# Complex number

1. Jul 20, 2013

### ranjitnepal

please tell me the solution i did is right or wrong and why?

we know,
I=√-1
I2=√-1*√-1 =√(-1)2 = √1 = 1

2. Jul 20, 2013

### micromass

Last edited by a moderator: May 6, 2017
3. Jul 20, 2013

### lurflurf

Wrong, you cannot move the exponent inside the radical. That you arrived at -1=1 is a sign of a mistake.

Last edited: Jul 20, 2013
4. Jul 20, 2013

### micromass

A mistake? For sure. But a very interesting mistake. "Paradoxes" of these kind indicate that something very interesting is going on with complex exponents. In particular, they indicate that complex exponents (such as roots) are multivalued. Once you take this approach, all paradoxes vanish :tongue2:

5. Jul 20, 2013

### symbolipoint

Would it be enough just to accept the definition so that we use both of these:

i*i=-1 and i=sqrt(-1)

This is what happens with (-i).
(-i)*(-i)=(-1)(-1)*i*i=(1)*(-1)=-1
What went wrong there?
Apparantly i*i=-1 and (-i)(-i)=-1.

Still seem good. i*i still -1 and (-1)(-1)=1

Last edited: Jul 20, 2013
6. Jul 20, 2013

### hilbert2

Yeah, similarly, by naively taking the natural logarithm of both sides of equation $e^{0}=e^{2\pi i}$ one gets the result $0=2\pi i$.

7. Jul 20, 2013

### HallsofIvy

Well, there are your first two errors! To begin with, it is "i", not "I"!
(I suspect your editor automatically changed your "i" to "I". So did mine- I had to "fool" it by typing "ia", then going back and deleting the "a"!)
More importantly, it is a mistake to write "$a= \sqrt{-1}$ because there is no such number before we define "i" and you can't define a new number to be something that doesn't exist to begin with! Defining "i" to be "the number whose square is -1" is better because -1, at least, does exist before we define the complex numbers. But has the difficulty that once we start working with the complex numbers we find that every number, except 0, has two square roots and this does not tell us which of the two roots of -1 "i" is.

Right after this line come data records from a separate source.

lemma zeta_in_eps_subdiff:
  assumes "t > 0" "s > 0" "norm (zeta s) \<le> norm (zeta t)"
  shows "zeta s \<in> eps_subdiff J (2 * norm (zeta t) * norm (u s - u t)) (u t)"
  unfolding eps_subdiff_def
proof (intro CollectI allI)
  fix v
  show "J (u t) + ereal (zeta s \<bullet> (v - u t)) \<le> J v + ereal (2 * norm (zeta t) * norm (u s - u t))"
  proof (cases "J v")
    case (real jv)
    have "energy s + zeta s \<bullet> (v - u s) \<le> jv"
      using subgradient_inequality_flow[OF assms(2), of v] real by simp
    moreover have "energy t + zeta t \<bullet> (u s - u t) \<le> energy s"
      by (rule energy_subgradient_inequality[OF assms(1,2)])
    moreover have "- (zeta t \<bullet> (u s - u t)) \<le> norm (zeta t) * norm (u s - u t)"
      using norm_cauchy_schwarz[of "zeta t" "u t - u s"] by (simp add: norm_minus_commute inner_diff_right)
    moreover have "zeta s \<bullet> (u s - u t) \<le> norm (zeta t) * norm (u s - u t)"
      using norm_cauchy_schwarz[of "zeta s" "u s - u t"]
        mult_right_mono[OF assms(3) norm_ge_zero[of "u s - u t"]]
      by linarith
    ultimately show ?thesis
      using J_flow[OF assms(1)] real by (simp add: inner_diff_right)
  qed auto
qed

lemma zeta_tendsto_right:
  assumes "t > 0"
  shows "(zeta \<longlongrightarrow> zeta t) (at_right t)"
proof (rule tendstoI)
  fix \<eta> :: real assume "\<eta> > 0"
  obtain \<epsilon> where "\<epsilon> > 0"
    and close: "\<And>\<xi>. \<xi> \<in> eps_subdiff J \<epsilon> (u t) \<Longrightarrow> norm \<xi> \<le> norm (zeta t) \<Longrightarrow> norm (\<xi> - zeta t) < \<eta>"
    using min_norm_subgradient_stable[OF zeta_min_norm[OF assms] \<open>\<eta> > 0\<close>] by blast
  have "((\<lambda>s. 2 * norm (zeta t) * norm (u s - u t)) \<longlongrightarrow> 2 * norm (zeta t) * norm (u t - u t)) (at_right t)"
    using assms by (intro tendsto_intros flow_tendsto_right) auto
  then have "\<forall>\<^sub>F s in at_right t. 2 * norm (zeta t) * norm (u s - u t) < \<epsilon>"
    using \<open>\<epsilon> > 0\<close> by (intro order_tendstoD) auto
  moreover have "\<forall>\<^sub>F s in at_right t. s > t" by (simp add: eventually_at_filter)
  ultimately show "\<forall>\<^sub>F s in at_right t. dist (zeta s) (zeta t) < \<eta>"
  proof eventually_elim
    case (elim s)
    then have "s > 0" "norm (zeta s) \<le> norm (zeta t)" using assms norm_zeta_antimono by auto
    then have "zeta s \<in> eps_subdiff J (2 * norm (zeta t) * norm (u s - u t)) (u t)"
      using zeta_in_eps_subdiff assms by blast
    then have "zeta s \<in> eps_subdiff J \<epsilon> (u t)"
      using eps_subdiff_mono[of _ \<epsilon>] elim by (blast dest: less_imp_le)
    then show ?case using close \<open>norm (zeta s) \<le> norm (zeta t)\<close> by (simp add: dist_norm)
  qed
qed

lemma energy_lipschitz:
  assumes "0 < a" "a \<le> s" "a \<le> t"
  shows "\<bar>energy s - energy t\<bar> \<le> norm (zeta a) * norm (u s - u t)"
proof -
  have bound: "\<bar>zeta r \<bullet> (u s - u t)\<bar> \<le> norm (zeta a) * norm (u s - u t)" if "a \<le> r" for r
    using Cauchy_Schwarz_ineq2[of "zeta r" "u s - u t"]
      mult_right_mono[OF norm_zeta_antimono[OF assms(1) that] norm_ge_zero[of "u s - u t"]]
    by linarith
  have swap: "zeta r \<bullet> (u t - u s) = - (zeta r \<bullet> (u s - u t))" for r
    by (simp add: inner_diff_right)
  have "energy s - energy t \<le> zeta s \<bullet> (u s - u t)"
    using energy_subgradient_inequality[of s t] swap[of s] assms by simp
  moreover have "energy t - energy s \<le> - (zeta t \<bullet> (u s - u t))"
    using energy_subgradient_inequality[of t s] assms by simp
  ultimately show ?thesis
    using bound[OF assms(2)] bound[OF assms(3)] unfolding abs_le_iff by linarith
qed

lemma continuous_on_energy:
  assumes "0 < a"
  shows "continuous_on {a..b} energy"
  unfolding continuous_on_def
proof
  fix x assume x: "x \<in> {a..b}"
  have "(u \<longlongrightarrow> u x) (at x within {a..b})"
    using x assms by (intro tendsto_within_subset[OF flow_tendsto]) auto
  then have "((\<lambda>s. u s - u x) \<longlongrightarrow> 0) (at x within {a..b})" by (rule LIM_zero)
  moreover have "\<forall>\<^sub>F s in at x within {a..b}. norm (energy s - energy x) \<le> norm (u s - u x) * norm (zeta a)"
    unfolding eventually_at_filter
    using energy_lipschitz[OF assms] x by (intro always_eventually) (auto simp: mult.commute)
  ultimately have "((\<lambda>s. energy s - energy x) \<longlongrightarrow> 0) (at x within {a..b})"
    by (rule tendsto_0_le)
  then show "(energy \<longlongrightarrow> energy x) (at x within {a..b})" by (simp add: LIM_zero_iff)
qed

lemma energy_le_tangent: "t > 0 \<Longrightarrow> s > 0 \<Longrightarrow> energy s \<le> energy t + zeta s \<bullet> (u s - u t)"
  using energy_subgradient_inequality[of s t] by (simp add: inner_diff_right)

lemma tangent_has_derivative:
  assumes "t > 0"
  shows "((\<lambda>s. energy t + zeta s \<bullet> (u s - u t)) has_real_derivative - (norm (zeta t) ^ 2)) (at t within {t..})"
  unfolding has_field_derivative_iff
proof -
  have "((\<lambda>s. zeta s \<bullet> (inverse (s - t) *\<^sub>R (u s - u t))) \<longlongrightarrow> zeta t \<bullet> - zeta t) (at t within {t..})"
    using zeta_tendsto_right[OF assms]
      has_vector_derivative_imp_difference_quotient[OF flow_has_vector_derivative[OF assms]]
    by (intro tendsto_intros) (auto simp: at_within_Ici_at_right)
  moreover have "(\<lambda>s. (energy t + zeta s \<bullet> (u s - u t) - (energy t + zeta t \<bullet> (u t - u t))) / (s - t))
      = (\<lambda>s. zeta s \<bullet> (inverse (s - t) *\<^sub>R (u s - u t)))"
    by (simp add: fun_eq_iff divide_inverse mult.commute)
  ultimately show "((\<lambda>s. (energy t + zeta s \<bullet> (u s - u t) - (energy t + zeta t \<bullet> (u t - u t))) / (s - t))
      \<longlongrightarrow> - (norm (zeta t) ^ 2)) (at t within {t..})"
    by (simp add: power2_norm_eq_inner)
qed

lemma extinction_time:
  assumes "\<exists>T>0. \<forall>s\<ge>T. u s = 0" "f \<noteq> 0"
  shows "extinction_time u > 0" "\<And>s. s \<ge> extinction_time u \<Longrightarrow> u s = 0"
    "\<And>s. 0 \<le> s \<Longrightarrow> s < extinction_time u \<Longrightarrow> u s \<noteq> 0"
proof -
  define S where "S = {T. T > 0 \<and> (\<forall>t\<ge>T. u t = 0)}"
  have T: "extinction_time u = Inf S" unfolding S_def extinction_time_def ..
  have "S \<noteq> {}" using assms(1) unfolding S_def by auto
  have bdd: "bdd_below S" unfolding S_def by (rule bdd_belowI[of _ 0]) auto
  have T_nonneg: "extinction_time u \<ge> 0"
    unfolding T using \<open>S \<noteq> {}\<close> by (rule cInf_greatest) (auto simp: S_def)
  have after: "u s = 0" if s: "s > extinction_time u" for s
  proof -
    obtain T' where "T' \<in> S" "T' < s" using cInf_lessD[OF \<open>S \<noteq> {}\<close>, of s] s unfolding T by blast
    then show ?thesis unfolding S_def by auto
  qed
  have "\<forall>\<^sub>F s in at_right (extinction_time u). u s = 0"
    using after by (auto simp: eventually_at_filter)
  with flow_tendsto_right[OF T_nonneg]
  have "((\<lambda>s. 0) \<longlongrightarrow> u (extinction_time u)) (at_right (extinction_time u))"
    by (rule Lim_transform_eventually)
  then have at_T: "u (extinction_time u) = 0"
    using tendsto_const_iff[OF trivial_limit_at_right_real] by metis
  show "u s = 0" if "s \<ge> extinction_time u" for s
    using after at_T that by (cases "s = extinction_time u") auto
  show "extinction_time u > 0"
    using T_nonneg at_T flow_0 assms(2) by (cases "extinction_time u = 0") auto
  show "u s \<noteq> 0" if s: "0 \<le> s" "s < extinction_time u" for s
  proof
    assume "u s = 0"
    then have "s > 0" using flow_0 assms(2) s by (cases "s = 0") auto
    moreover have "u t = 0" if "t \<ge> s" for t
      using norm_flow_antimono[of s t] \<open>u s = 0\<close> s that by simp
    ultimately have "s \<in> S" unfolding S_def by blast
    then show False using cInf_lower[OF \<open>s \<in> S\<close> bdd] s unfolding T by simp
  qed
qed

Better is to define the complex numbers to be the set of orderd pairs of real numbers, (a, b), with addition defined by (a, b)+ (c, d)= (a+ b, c+ d) and multiplication by (a, b)*(c, d)= (ac- bc, ad+ bc). We can then identify the real numbers with pairs of the form (x, 0) and "i" with (0, 1).

With the "ordered pairs" definition, above, [tex]i^2= (0, 1)(0, 1)= (0(0)-(1)(1), 0(1)+ 0(1))= (-1, 0)[tex] which we have already identified with the real number -1.